In the lines below, look for "assumes". Copy each line where it appears.

Information supplied

-- -- --

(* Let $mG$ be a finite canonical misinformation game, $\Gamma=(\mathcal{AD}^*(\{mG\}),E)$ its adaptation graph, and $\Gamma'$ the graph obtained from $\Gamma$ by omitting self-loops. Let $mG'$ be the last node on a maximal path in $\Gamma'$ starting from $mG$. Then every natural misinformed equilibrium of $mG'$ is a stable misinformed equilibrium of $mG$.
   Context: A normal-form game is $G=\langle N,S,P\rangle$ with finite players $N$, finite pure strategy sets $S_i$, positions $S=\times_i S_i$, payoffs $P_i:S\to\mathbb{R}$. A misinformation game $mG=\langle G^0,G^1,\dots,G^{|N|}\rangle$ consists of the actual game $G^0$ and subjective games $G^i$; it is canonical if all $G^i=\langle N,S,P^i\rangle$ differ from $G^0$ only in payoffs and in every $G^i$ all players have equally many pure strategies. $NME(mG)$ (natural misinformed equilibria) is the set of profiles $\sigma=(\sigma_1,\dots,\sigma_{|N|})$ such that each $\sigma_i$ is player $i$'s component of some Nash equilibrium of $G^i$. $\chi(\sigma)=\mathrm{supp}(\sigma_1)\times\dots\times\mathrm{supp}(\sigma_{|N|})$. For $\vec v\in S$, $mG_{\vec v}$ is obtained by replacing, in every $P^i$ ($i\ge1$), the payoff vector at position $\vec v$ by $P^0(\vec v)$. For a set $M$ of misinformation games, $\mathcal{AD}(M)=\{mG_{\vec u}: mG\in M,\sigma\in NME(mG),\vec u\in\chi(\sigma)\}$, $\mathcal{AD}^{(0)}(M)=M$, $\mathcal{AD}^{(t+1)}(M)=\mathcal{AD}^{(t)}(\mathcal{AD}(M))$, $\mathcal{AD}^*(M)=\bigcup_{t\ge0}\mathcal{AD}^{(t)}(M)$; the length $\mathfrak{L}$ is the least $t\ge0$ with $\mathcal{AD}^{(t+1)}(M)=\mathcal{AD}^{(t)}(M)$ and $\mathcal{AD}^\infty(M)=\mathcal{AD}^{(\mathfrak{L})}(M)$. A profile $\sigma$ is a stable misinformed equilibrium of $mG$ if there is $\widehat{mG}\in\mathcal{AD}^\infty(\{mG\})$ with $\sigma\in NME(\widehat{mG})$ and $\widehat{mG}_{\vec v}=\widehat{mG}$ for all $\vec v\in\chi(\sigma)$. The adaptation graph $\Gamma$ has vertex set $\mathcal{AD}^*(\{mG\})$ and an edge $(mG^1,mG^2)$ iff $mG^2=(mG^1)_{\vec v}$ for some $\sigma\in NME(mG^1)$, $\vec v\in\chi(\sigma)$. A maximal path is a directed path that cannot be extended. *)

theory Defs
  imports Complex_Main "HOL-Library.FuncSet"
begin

-- -- --

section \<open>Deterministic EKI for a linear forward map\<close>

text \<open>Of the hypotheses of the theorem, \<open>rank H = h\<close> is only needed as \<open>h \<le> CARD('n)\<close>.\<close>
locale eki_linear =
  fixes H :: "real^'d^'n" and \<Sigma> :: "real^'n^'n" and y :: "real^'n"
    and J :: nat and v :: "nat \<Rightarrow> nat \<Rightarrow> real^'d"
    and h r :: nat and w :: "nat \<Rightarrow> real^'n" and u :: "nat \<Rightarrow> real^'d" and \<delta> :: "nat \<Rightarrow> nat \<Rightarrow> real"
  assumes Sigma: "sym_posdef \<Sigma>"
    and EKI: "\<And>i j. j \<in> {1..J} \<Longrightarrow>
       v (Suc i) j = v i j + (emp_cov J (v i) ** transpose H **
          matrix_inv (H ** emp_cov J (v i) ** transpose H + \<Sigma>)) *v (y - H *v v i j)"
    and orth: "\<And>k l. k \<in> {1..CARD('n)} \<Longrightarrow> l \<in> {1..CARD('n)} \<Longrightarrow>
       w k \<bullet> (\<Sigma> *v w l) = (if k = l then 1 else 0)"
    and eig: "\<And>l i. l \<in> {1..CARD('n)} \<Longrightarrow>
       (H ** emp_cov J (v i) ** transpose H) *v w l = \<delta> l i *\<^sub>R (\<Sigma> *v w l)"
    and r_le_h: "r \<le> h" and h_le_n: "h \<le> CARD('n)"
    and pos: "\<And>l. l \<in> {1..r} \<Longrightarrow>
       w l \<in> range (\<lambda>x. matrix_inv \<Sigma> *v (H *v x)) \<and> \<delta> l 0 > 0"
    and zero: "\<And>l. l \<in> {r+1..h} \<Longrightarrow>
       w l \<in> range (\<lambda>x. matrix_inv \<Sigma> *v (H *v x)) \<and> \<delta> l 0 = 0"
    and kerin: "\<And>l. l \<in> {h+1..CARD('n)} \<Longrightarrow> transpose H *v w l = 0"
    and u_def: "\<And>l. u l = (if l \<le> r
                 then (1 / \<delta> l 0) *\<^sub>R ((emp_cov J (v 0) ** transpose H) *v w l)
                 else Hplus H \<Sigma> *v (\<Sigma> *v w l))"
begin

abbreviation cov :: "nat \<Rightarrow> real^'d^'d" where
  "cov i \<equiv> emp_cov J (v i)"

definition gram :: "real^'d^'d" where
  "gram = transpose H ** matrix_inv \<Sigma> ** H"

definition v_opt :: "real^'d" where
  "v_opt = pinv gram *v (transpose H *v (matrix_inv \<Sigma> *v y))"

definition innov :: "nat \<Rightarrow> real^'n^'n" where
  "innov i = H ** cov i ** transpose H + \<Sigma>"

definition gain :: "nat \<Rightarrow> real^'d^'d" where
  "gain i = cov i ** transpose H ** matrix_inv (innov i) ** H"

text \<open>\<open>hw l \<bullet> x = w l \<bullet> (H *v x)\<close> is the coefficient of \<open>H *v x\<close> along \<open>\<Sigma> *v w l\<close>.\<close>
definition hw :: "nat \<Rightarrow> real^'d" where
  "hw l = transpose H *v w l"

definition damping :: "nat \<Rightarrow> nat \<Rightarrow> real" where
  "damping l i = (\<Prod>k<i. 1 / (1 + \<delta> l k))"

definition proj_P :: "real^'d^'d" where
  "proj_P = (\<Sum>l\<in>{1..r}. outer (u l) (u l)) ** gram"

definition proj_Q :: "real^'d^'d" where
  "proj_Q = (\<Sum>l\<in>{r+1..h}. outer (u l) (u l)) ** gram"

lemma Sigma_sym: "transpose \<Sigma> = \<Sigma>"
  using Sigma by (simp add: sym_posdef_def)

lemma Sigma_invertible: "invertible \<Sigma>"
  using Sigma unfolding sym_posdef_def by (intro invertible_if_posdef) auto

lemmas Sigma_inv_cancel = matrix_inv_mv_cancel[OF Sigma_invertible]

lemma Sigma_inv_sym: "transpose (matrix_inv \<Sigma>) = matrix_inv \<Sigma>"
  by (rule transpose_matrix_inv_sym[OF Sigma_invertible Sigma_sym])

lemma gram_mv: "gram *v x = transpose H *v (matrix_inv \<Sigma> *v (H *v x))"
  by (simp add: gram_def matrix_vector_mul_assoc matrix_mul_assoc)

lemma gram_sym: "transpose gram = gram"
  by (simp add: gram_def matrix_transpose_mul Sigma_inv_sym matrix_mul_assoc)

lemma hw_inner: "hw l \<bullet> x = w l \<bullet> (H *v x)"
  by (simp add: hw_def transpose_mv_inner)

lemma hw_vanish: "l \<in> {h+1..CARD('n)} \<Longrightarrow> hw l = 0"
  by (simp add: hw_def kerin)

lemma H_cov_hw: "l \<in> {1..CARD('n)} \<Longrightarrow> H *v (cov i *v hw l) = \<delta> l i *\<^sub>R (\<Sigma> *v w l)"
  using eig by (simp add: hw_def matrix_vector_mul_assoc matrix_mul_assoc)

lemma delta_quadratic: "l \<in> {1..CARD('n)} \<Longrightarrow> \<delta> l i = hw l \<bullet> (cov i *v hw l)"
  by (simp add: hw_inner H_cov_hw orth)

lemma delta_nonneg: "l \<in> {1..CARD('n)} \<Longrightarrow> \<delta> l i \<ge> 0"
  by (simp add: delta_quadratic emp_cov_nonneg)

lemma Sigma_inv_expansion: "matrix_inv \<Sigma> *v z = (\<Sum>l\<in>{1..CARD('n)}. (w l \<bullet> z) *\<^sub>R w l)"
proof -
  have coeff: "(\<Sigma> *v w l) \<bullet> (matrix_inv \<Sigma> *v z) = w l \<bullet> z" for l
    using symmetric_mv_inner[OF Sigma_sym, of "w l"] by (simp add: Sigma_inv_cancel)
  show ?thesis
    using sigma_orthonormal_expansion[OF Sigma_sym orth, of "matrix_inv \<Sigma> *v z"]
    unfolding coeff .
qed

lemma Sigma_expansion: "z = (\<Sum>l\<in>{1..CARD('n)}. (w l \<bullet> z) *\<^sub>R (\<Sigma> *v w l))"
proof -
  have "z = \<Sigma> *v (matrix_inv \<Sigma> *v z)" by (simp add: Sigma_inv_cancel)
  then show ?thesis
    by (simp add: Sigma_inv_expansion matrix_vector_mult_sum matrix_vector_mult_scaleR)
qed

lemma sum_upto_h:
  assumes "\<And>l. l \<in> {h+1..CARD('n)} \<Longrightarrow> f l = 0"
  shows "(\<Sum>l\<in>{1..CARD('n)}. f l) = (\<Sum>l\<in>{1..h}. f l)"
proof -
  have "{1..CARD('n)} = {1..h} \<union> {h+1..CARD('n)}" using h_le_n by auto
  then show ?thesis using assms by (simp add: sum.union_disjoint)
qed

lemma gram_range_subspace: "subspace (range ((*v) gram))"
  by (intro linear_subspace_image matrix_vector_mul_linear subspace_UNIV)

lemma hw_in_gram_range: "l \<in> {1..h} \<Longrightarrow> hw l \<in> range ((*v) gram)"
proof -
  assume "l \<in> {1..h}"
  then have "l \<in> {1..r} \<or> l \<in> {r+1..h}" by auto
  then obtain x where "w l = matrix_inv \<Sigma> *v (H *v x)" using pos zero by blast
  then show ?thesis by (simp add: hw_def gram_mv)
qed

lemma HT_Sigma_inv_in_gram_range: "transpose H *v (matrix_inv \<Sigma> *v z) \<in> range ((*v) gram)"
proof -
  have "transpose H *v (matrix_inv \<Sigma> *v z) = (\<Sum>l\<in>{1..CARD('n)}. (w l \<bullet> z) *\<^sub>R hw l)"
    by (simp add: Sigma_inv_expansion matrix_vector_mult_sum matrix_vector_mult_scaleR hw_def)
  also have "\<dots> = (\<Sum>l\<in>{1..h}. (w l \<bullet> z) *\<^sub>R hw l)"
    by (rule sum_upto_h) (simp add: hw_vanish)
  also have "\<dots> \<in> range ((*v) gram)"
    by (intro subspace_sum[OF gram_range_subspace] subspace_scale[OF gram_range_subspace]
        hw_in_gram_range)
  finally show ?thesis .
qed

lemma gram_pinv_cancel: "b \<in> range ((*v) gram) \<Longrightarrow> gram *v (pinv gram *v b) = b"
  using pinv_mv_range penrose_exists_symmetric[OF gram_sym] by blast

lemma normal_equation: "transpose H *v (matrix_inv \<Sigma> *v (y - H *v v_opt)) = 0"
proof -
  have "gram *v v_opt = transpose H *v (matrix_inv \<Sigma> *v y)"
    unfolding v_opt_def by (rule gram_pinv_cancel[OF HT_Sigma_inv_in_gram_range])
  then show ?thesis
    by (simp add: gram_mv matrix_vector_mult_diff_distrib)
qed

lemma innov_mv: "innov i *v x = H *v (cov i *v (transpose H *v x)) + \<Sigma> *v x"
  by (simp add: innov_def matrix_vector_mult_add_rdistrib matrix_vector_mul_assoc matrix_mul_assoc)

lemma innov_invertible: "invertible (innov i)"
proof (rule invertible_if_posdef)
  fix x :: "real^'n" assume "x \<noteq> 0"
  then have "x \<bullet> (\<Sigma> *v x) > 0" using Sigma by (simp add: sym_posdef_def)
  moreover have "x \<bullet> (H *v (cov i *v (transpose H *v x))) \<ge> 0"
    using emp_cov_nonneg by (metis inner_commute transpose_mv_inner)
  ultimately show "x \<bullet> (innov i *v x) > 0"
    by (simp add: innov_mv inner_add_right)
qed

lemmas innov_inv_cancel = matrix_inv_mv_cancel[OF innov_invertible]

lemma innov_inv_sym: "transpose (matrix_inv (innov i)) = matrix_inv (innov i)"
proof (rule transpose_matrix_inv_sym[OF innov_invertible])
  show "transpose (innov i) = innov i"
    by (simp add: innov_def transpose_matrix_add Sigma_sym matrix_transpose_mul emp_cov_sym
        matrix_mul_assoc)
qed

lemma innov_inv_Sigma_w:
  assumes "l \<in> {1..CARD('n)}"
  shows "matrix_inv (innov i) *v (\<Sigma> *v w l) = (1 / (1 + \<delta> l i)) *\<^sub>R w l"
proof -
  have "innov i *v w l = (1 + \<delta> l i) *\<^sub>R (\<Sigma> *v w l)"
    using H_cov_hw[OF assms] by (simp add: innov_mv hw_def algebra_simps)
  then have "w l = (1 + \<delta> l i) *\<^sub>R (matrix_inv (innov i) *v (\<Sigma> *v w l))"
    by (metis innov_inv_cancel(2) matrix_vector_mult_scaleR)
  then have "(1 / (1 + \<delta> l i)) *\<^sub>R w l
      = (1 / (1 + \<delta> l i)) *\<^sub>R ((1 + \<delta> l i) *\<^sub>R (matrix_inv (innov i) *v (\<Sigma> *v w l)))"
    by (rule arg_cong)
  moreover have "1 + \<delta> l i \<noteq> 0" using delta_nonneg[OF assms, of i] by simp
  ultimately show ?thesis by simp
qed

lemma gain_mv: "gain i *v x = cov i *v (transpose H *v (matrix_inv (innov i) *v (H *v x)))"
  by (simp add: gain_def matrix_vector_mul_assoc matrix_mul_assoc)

-- -- --

Task output
  assumes Sigma: "sym_posdef \<Sigma>"
  assumes "\<And>l. l \<in> {h+1..CARD('n)} \<Longrightarrow> f l = 0"
  assumes "l \<in> {1..CARD('n)}"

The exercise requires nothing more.